The AFP proposes the following:

  • Free universal pre-school for all three- and four-year olds.
  • Two years of free community college.
  • Increased assistance to low-income students by raising the maximum Pell Grant award that pays for college education by about $1,400.

Child care

Low- and middle-income families would pay no more than 7% of their income on child care.

Nutrition

Summer and school meal programs would be expanded for low-income families.

Unemployment insurance

Funds would be provided for unemployment system modernization, equitable access, and fraud prevention. The plan proposes to automatically adjust the length and amount of unemployment insurance benefits depending on economic conditions.

Paid leave

A national comprehensive paid family and medical leave program would be created and scaled in over a 10-year period.

Health insurance

  • The American Rescue Plan Act of  2021 (ARPA 2021), enacted in  March 2021, provided that persons who bought their own health insurance through a government exchange might qualify for a lower cost through December 31, 2022. The AFP would make that provision permanent.
  • The AFP would also lower prescription drug prices by letting Medicare negotiate prices.
  • In addition, the AFP would create a public option and the option for people to enroll in Medicare at age 60.

Child tax credit

ARPA 2021 made the following temporary changes to the child tax credit. For 2021, the credit amount increased from $2,000 to $3,000 per qualifying child ($3,600 for qualifying children under age 6), subject to phaseout based on modified adjusted gross income. The legislation also made 17-year-olds eligible as qualifying children in 2021. For most taxpayers, the credit  is fully refundable for 2021 if it exceeds tax liability. The Treasury Department is expected to send out periodic advance payments (to be worked out by the Treasury) for up to one-half of the refundable credit during 2021.

The AFP would make permanent the full refundability of the child tax credit, and extend the other child tax credit provisions through 2025. Longer term, the plan would seek to make all these provisions permanent.

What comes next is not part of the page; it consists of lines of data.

(* Let $Z$ be a critical Galton–Watson process with $Z_0=1$ and non-degenerate offspring variable $\xi$ (i.e. $\mathbf{E}\xi=1$ and $\mathbf{P}(\xi=1)<1$). There exist finite constants $c_1,c_2$ such that $$\mathbf{P}(M_{m+1}\geq k)\leq c_1\frac{mB_k}{k^2}+m\,\mathbf{P}(\xi>k/2)$$ for all integers $k,m\geq1$ satisfying $k/(mB_k)>c_2$.
   Context: $M_m:=\max_{0\leq l\leq m-1}Z_l$. For $R\geq2$, $B_R:=\mathbf{E}\{\xi(\xi-1);\,\xi\leq R\}$. No index-$(1+\alpha)$ assumption is made here. *)

theory Defs
  imports "HOL-Probability.Probability"
begin

fun offspring_sum :: "nat pmf \<Rightarrow> nat \<Rightarrow> nat pmf" where
  "offspring_sum p 0 = return_pmf 0"
| "offspring_sum p (Suc z) = bind_pmf p (\<lambda>a. map_pmf (\<lambda>b. a + b) (offspring_sum p z))"

text \<open>Joint law of the path [Z_0, Z_1, ..., Z_n] of the Galton-Watson process with
  offspring law p and Z_0 = 1 (Markov chain: given Z_l = z, Z_(l+1) is a sum of z iid
  offspring variables).\<close>
fun gw_path :: "nat pmf \<Rightarrow> nat \<Rightarrow> nat list pmf" where
  "gw_path p 0 = return_pmf [1]"
| "gw_path p (Suc n) =
     bind_pmf (gw_path p n) (\<lambda>xs. map_pmf (\<lambda>z. xs @ [z]) (offspring_sum p (last xs)))"

text \<open>M_m = max_{0 \<le> l \<le> m-1} Z_l, evaluated on a path [Z_0,...,Z_(m-1)].\<close>
definition path_max :: "nat list \<Rightarrow> nat" where
  "path_max xs = Max (set xs)"

definition trunc_B :: "nat pmf \<Rightarrow> nat \<Rightarrow> real" where
  "trunc_B p R = (\<Sum>x\<le>R. real x * (real x - 1) * pmf p x)"

end

(*
  Let \<tau> be the first time the process reaches k. Since E \<xi> \<le> 1, the killed process
  Z_n 1{\<tau> > n} is a supermartingale, so its mean stays \<le> 1. Given Z_n = z < k, the capped
  square min(Z_(n+1), k)^2 exceeds z^2 in mean by at most
  z (E[\<xi>^2; \<xi> \<le> k/2] + k^2 P(\<xi> > k/2)): offspring above k/2 are charged the full cap k^2,
  the others their second moment. Summing over m steps,
  k^2 P(M_(m+1) \<ge> k) \<le> E min(Z_(\<tau>\<and>m), k)^2 \<le> 1 + m (B_k + 1 + k^2 P(\<xi> > k/2)),
  and 1 + m (B_k + 1) \<le> (1 + 2/b) m B_k with b the least positive value of B.
*)

theory Submission
  imports Defs
begin

definition second_moment_le_half :: "nat pmf \<Rightarrow> nat \<Rightarrow> ennreal" where
  "second_moment_le_half p k = (\<integral>\<^sup>+ a. of_nat (a^2) * indicator {a. 2 * a \<le> k} a \<partial>p)"

lemma nn_integral_offspring_sum_min_le:
  fixes p :: "nat pmf" and k :: nat
  assumes mean: "(\<integral>\<^sup>+ x. ennreal (real x) \<partial>p) \<le> 1"
  shows "(\<integral>\<^sup>+ s. of_nat (min (c + s) k) \<partial>offspring_sum p z) \<le> (of_nat (c + z) :: ennreal)"
proof (induction z arbitrary: c)
  case 0
  show ?case by (simp add: of_nat_mono)
next
  case (Suc z)
  have "(\<integral>\<^sup>+ s. of_nat (min (c + s) k) \<partial>offspring_sum p (Suc z))
      = (\<integral>\<^sup>+ a. (\<integral>\<^sup>+ s. of_nat (min (c + a + s) k) \<partial>offspring_sum p z) \<partial>p)"
    by (simp add: add.assoc)
  also have "\<dots> \<le> (\<integral>\<^sup>+ a. of_nat (c + z) + ennreal (real a) \<partial>p)"
  proof (rule nn_integral_mono)
    fix a
    have "(\<integral>\<^sup>+ s. of_nat (min (c + a + s) k) \<partial>offspring_sum p z) \<le> of_nat (c + a + z)"
      by (rule Suc.IH)
    also have "\<dots> = of_nat (c + z) + ennreal (real a)"
      by (simp add: ennreal_of_nat_eq_real_of_nat)
    finally show "(\<integral>\<^sup>+ s. of_nat (min (c + a + s) k) \<partial>offspring_sum p z)
        \<le> of_nat (c + z) + ennreal (real a)" .
  qed
  also have "\<dots> = of_nat (c + z) + (\<integral>\<^sup>+ a. ennreal (real a) \<partial>p)"
    by (simp add: nn_integral_add emeasure_pmf)
  also have "\<dots> \<le> of_nat (c + Suc z)"
    using mean by (simp add: add_left_mono)
  finally show ?case .
qed

lemma nn_integral_offspring_sum_min_sq_le:
  fixes p :: "nat pmf" and k :: nat
  assumes mean: "(\<integral>\<^sup>+ x. ennreal (real x) \<partial>p) \<le> 1"
  shows "(\<integral>\<^sup>+ s. of_nat ((min (c + s) k)^2) \<partial>offspring_sum p z)
    \<le> of_nat ((c + z)^2) + of_nat z * (second_moment_le_half p k
         + of_nat (k^2) * emeasure p {a. k < 2 * a})"
proof (induction z arbitrary: c)
  case 0
  show ?case by (simp add: of_nat_mono power_mono)
next
  case (Suc z)
  define W where "W = second_moment_le_half p k + of_nat (k^2) * emeasure p {a. k < 2 * a}"
  have step: "(\<integral>\<^sup>+ s. of_nat ((min (c + a + s) k)^2) \<partial>offspring_sum p z)
      \<le> of_nat ((c + z)^2) + of_nat (2 * (c + z)) * of_nat a + of_nat z * W
         + (of_nat (a^2) * indicator {a. 2 * a \<le> k} a + of_nat (k^2) * indicator {a. k < 2 * a} a)"
    for a
  proof (cases "k < 2 * a")
    case True
    have "(\<integral>\<^sup>+ s. of_nat ((min (c + a + s) k)^2) \<partial>offspring_sum p z)
        \<le> (\<integral>\<^sup>+ s. of_nat (k^2) \<partial>offspring_sum p z)"
      by (intro nn_integral_mono) (simp add: power_mono)
    then show ?thesis
      using True by (simp add: emeasure_pmf add_increasing)
  next
    case False
    have "(c + a + z)^2 = (c + z)^2 + 2 * (c + z) * a + a^2"
      by (simp add: power2_eq_square algebra_simps)
    then show ?thesis
      using False Suc.IH[of "c + a"] unfolding W_def by (simp add: ac_simps)
  qed
  have "(\<integral>\<^sup>+ s. of_nat ((min (c + s) k)^2) \<partial>offspring_sum p (Suc z))
      = (\<integral>\<^sup>+ a. (\<integral>\<^sup>+ s. of_nat ((min (c + a + s) k)^2) \<partial>offspring_sum p z) \<partial>p)"
    by (simp add: add.assoc)
  also have "\<dots> \<le> (\<integral>\<^sup>+ a. of_nat ((c + z)^2) + of_nat (2 * (c + z)) * of_nat a + of_nat z * W
         + (of_nat (a^2) * indicator {a. 2 * a \<le> k} a + of_nat (k^2) * indicator {a. k < 2 * a} a) \<partial>p)"
    by (rule nn_integral_mono) (rule step)
  also have "\<dots> = of_nat ((c + z)^2) + of_nat (2 * (c + z)) * (\<integral>\<^sup>+ a. of_nat a \<partial>p) + of_nat z * W + W"
  proof -
    have "(\<integral>\<^sup>+ a. of_nat (a^2) * indicator {a. 2 * a \<le> k} a
        + of_nat (k^2) * indicator {a. k < 2 * a} a \<partial>p) = W"
      unfolding W_def second_moment_le_half_def by (simp add: nn_integral_add nn_integral_cmult_indicator)
    then show ?thesis
      by (subst nn_integral_add) (simp_all add: nn_integral_add nn_integral_cmult emeasure_pmf)
  qed
  also have "\<dots> \<le> of_nat ((c + z)^2) + of_nat (2 * (c + z)) * 1 + of_nat z * W + W"
    using mean by (intro add_mono mult_left_mono order_refl) (simp_all add: ennreal_of_nat_eq_real_of_nat)
  also have "\<dots> \<le> of_nat ((c + Suc z)^2) + of_nat (Suc z) * W"
  proof -
    have "(c + Suc z)^2 = (c + z)^2 + 2 * (c + z) + 1"
      by (simp add: power2_eq_square)
    then show ?thesis
      by (simp add: algebra_simps add_increasing)
  qed
  finally show ?case unfolding W_def .
qed

lemma gw_path_nonempty: "xs \<in> set_pmf (gw_path p n) \<Longrightarrow> xs \<noteq> []"
  by (induction n arbitrary: xs) auto

lemma path_max_snoc: "xs \<noteq> [] \<Longrightarrow> path_max (xs @ [z]) = max z (path_max xs)"
  unfolding path_max_def by (simp add: Max_insert)

(* With \<tau> the first time the path reaches k, these are Z_n 1{\<tau> > n} and min(Z_(\<tau>\<and>n), k)^2
   evaluated on a path [Z_0, ..., Z_n]. *)
definition size_if_below :: "nat \<Rightarrow> nat list \<Rightarrow> nat" where
  "size_if_below k xs = (if path_max xs < k then last xs else 0)"

definition stopped_size_sq :: "nat \<Rightarrow> nat list \<Rightarrow> nat" where
  "stopped_size_sq k xs = (if k \<le> path_max xs then k else last xs)^2"

lemma nn_integral_size_if_below_snoc_le:
  fixes p :: "nat pmf" and k :: nat
  assumes mean: "(\<integral>\<^sup>+ x. ennreal (real x) \<partial>p) \<le> 1" and "xs \<noteq> []"
  shows "(\<integral>\<^sup>+ z. of_nat (size_if_below k (xs @ [z])) \<partial>offspring_sum p (last xs))
    \<le> of_nat (size_if_below k xs)"
proof (cases "path_max xs < k")
  case True
  have "(\<integral>\<^sup>+ z. of_nat (size_if_below k (xs @ [z])) \<partial>offspring_sum p (last xs))
      \<le> (\<integral>\<^sup>+ z. of_nat (min (0 + z) k) \<partial>offspring_sum p (last xs))"
    using \<open>xs \<noteq> []\<close> by (intro nn_integral_mono) (simp add: size_if_below_def path_max_snoc)
  also have "\<dots> \<le> of_nat (0 + last xs)"
    by (rule nn_integral_offspring_sum_min_le[OF mean])
  finally show ?thesis
    using True by (simp add: size_if_below_def)
next
  case False
  then show ?thesis
    using \<open>xs \<noteq> []\<close> by (simp add: size_if_below_def path_max_snoc)
qed

lemma nn_integral_stopped_size_sq_snoc_le:
  fixes p :: "nat pmf" and k :: nat
  assumes mean: "(\<integral>\<^sup>+ x. ennreal (real x) \<partial>p) \<le> 1" and "xs \<noteq> []"
  defines "W \<equiv> second_moment_le_half p k + of_nat (k^2) * emeasure p {a. k < 2 * a}"
  shows "(\<integral>\<^sup>+ z. of_nat (stopped_size_sq k (xs @ [z])) \<partial>offspring_sum p (last xs))
    \<le> of_nat (stopped_size_sq k xs) + of_nat (size_if_below k xs) * W"
proof (cases "path_max xs < k")
  case True
  have "(\<integral>\<^sup>+ z. of_nat (stopped_size_sq k (xs @ [z])) \<partial>offspring_sum p (last xs))
      = (\<integral>\<^sup>+ z. of_nat ((min (0 + z) k)^2) \<partial>offspring_sum p (last xs))"
    using True \<open>xs \<noteq> []\<close>
    by (intro nn_integral_cong) (auto simp: stopped_size_sq_def path_max_snoc le_max_iff_disj min_def)
  also have "\<dots> \<le> of_nat ((0 + last xs)^2) + of_nat (last xs) * W"
    unfolding W_def by (rule nn_integral_offspring_sum_min_sq_le[OF mean])
  finally show ?thesis
    using True by (simp add: stopped_size_sq_def size_if_below_def)
next
  case False
  then have "stopped_size_sq k (xs @ [z]) = stopped_size_sq k xs" for z
    using \<open>xs \<noteq> []\<close> by (simp add: stopped_size_sq_def path_max_snoc le_max_iff_disj)
  then show ?thesis
    by (simp add: emeasure_pmf)
qed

Child and dependent care tax credit

ARPA 2021 made the following temporary changes to the child and dependent care tax credit. For 2021, the legislation increased the maximum credit up to $4,000 for one qualifying individual and up to $8,000 for two or more (based on an increased applicable percentage of 50% of costs paid and increased dollar limits). Most taxpayers will not have the applicable percentage reduced (can be reduced from 50% to 20% if AGI exceeds a substantially increased $125,000) in 2021. However, the applicable percentage can now also be reduced from 20% down to 0% if the taxpayer’s AGI exceeds $400,000 in 2021. For most individuals, the credit  is fully refundable for 2021 if it exceeds tax liability.

The AFP would make these provisions permanent.

Earned income tax credit

In addition to some other changes to the earned income tax credit (some temporary, some permanent), ARPA 2021 made the following temporary changes to the earned income tax credit for 2021. The legislation generally increased the credit available for individuals with no qualifying children (bringing it closer to the amounts for individuals with one, two, or three or more children which were already much higher). For individuals with no qualifying children, the minimum age at which the credit can be claimed was generally lowered from 25 to 19 (24 for certain full-time students) and the maximum age limit of 64 was eliminated (there are no similar age limits for individuals with qualifying children).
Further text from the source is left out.